## WORK TO COMPLETE
The required output is the exact run of lines below that opens at the line with "using assms by simp" and closes at the line with "and r k :: nat".

Stored data:

-- Opening Marker --

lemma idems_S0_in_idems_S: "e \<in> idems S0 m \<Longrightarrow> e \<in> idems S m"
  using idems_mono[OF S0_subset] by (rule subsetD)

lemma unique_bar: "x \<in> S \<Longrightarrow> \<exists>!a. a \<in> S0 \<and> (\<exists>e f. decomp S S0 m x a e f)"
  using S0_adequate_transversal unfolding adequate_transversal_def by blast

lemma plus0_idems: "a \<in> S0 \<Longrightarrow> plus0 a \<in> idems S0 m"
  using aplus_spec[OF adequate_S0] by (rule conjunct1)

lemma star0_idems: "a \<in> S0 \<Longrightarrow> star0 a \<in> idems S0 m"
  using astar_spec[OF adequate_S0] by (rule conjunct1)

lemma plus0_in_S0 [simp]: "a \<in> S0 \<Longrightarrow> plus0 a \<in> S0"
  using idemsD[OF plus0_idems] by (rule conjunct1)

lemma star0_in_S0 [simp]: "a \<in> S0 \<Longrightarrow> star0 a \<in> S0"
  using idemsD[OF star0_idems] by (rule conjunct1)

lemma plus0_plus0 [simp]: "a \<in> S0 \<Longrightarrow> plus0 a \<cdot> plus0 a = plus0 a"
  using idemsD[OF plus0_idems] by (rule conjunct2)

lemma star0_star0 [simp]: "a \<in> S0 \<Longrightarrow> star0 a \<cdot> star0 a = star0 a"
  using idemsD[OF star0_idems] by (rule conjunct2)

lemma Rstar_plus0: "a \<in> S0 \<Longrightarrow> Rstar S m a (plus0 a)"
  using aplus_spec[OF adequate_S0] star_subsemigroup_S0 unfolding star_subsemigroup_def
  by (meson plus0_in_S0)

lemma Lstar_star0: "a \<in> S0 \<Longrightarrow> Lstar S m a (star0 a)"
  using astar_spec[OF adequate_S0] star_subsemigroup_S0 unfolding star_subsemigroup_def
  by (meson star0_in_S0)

-- Closing Marker --
-- Opening Marker --

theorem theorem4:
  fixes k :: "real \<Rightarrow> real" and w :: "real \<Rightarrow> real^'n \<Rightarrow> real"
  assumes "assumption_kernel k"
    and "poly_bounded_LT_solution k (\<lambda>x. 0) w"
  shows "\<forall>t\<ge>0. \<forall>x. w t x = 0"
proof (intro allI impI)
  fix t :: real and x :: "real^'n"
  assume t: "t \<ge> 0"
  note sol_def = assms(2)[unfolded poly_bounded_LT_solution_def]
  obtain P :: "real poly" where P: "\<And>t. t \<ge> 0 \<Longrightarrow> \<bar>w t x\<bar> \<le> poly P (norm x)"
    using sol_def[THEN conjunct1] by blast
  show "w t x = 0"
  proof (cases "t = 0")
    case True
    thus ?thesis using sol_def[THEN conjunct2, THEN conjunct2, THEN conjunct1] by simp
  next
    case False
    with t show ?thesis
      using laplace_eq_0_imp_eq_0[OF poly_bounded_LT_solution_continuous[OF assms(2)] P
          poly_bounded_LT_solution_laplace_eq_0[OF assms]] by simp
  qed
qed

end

-- Closing Marker --
-- Opening Marker --

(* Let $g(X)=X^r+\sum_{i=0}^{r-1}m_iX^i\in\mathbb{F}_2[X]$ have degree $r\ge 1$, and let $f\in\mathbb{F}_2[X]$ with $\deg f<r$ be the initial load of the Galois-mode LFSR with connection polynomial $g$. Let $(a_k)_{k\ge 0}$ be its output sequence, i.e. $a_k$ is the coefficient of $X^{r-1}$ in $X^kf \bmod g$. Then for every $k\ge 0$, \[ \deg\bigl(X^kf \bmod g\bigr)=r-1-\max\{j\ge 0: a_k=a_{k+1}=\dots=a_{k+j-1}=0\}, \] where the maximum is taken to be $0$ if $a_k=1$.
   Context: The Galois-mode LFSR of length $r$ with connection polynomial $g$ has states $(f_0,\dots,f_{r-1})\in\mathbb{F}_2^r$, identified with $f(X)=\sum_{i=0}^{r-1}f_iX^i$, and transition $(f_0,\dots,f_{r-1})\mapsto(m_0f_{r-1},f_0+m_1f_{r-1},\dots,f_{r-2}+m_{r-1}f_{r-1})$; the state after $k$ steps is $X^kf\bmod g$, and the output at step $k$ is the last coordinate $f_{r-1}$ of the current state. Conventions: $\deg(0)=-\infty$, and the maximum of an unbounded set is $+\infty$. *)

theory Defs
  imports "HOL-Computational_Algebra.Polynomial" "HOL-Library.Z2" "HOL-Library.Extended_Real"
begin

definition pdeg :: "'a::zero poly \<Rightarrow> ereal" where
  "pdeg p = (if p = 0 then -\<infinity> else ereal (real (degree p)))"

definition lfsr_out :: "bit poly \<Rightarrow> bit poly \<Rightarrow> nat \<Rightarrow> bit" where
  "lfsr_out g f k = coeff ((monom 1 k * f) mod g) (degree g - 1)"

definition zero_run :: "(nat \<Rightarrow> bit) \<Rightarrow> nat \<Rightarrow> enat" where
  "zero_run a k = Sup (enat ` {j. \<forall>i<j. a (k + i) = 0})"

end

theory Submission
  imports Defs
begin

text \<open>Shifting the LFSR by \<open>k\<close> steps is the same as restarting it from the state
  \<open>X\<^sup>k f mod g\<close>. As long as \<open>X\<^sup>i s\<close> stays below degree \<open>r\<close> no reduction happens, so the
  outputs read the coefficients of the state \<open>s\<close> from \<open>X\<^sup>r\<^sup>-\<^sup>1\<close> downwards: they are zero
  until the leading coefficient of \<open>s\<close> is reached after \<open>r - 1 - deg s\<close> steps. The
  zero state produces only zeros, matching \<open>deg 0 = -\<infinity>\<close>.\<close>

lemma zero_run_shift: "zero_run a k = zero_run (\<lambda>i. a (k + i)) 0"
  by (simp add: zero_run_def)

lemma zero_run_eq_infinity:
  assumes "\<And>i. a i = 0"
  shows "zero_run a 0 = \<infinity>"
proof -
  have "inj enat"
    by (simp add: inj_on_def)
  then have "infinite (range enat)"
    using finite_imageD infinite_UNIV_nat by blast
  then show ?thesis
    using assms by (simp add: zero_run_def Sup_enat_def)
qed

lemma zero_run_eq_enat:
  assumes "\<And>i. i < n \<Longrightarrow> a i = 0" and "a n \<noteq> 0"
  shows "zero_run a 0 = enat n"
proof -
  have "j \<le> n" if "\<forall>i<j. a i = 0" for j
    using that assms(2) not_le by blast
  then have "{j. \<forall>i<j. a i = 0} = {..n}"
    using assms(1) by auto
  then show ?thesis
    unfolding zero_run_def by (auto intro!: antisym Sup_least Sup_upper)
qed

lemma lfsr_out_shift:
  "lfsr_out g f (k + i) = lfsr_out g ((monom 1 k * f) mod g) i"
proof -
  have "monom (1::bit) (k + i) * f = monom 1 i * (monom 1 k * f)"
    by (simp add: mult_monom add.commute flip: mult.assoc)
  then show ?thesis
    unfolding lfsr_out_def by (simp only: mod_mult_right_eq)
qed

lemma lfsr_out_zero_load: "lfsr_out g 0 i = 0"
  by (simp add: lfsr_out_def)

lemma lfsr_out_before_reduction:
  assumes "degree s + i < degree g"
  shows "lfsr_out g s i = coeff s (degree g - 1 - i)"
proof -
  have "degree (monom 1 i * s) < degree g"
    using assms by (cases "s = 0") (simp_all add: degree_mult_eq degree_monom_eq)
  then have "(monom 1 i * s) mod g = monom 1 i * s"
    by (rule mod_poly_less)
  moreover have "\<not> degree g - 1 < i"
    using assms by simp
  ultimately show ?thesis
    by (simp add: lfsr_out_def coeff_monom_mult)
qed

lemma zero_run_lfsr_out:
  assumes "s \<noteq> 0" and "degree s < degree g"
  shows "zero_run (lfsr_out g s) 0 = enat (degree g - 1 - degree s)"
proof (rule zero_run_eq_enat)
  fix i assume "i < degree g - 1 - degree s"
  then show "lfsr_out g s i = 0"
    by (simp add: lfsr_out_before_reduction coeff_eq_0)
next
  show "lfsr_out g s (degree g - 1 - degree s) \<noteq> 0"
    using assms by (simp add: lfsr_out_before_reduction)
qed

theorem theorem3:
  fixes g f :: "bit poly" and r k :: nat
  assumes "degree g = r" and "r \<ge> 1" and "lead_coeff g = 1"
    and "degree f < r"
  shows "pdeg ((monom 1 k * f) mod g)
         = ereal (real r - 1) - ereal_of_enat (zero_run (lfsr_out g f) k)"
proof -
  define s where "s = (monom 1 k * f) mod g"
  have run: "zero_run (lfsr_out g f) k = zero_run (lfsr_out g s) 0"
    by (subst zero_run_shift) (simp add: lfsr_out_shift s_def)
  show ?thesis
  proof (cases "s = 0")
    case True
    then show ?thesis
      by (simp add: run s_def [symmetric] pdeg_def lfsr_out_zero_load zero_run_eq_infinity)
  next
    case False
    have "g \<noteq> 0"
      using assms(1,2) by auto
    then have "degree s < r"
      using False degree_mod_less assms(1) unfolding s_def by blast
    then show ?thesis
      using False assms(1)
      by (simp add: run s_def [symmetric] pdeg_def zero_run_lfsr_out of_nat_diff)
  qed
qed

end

-- Closing Marker --

## RESPONSE BOX
    using assms by simp
  ultimately show ?thesis
    by (simp add: lfsr_out_def coeff_monom_mult)
qed

lemma zero_run_lfsr_out:
  assumes "s \<noteq> 0" and "degree s < degree g"
  shows "zero_run (lfsr_out g s) 0 = enat (degree g - 1 - degree s)"
proof (rule zero_run_eq_enat)
  fix i assume "i < degree g - 1 - degree s"
  then show "lfsr_out g s i = 0"
    by (simp add: lfsr_out_before_reduction coeff_eq_0)
next
  show "lfsr_out g s (degree g - 1 - degree s) \<noteq> 0"
    using assms by (simp add: lfsr_out_before_reduction)
qed

theorem theorem3:
  fixes g f :: "bit poly" and r k :: nat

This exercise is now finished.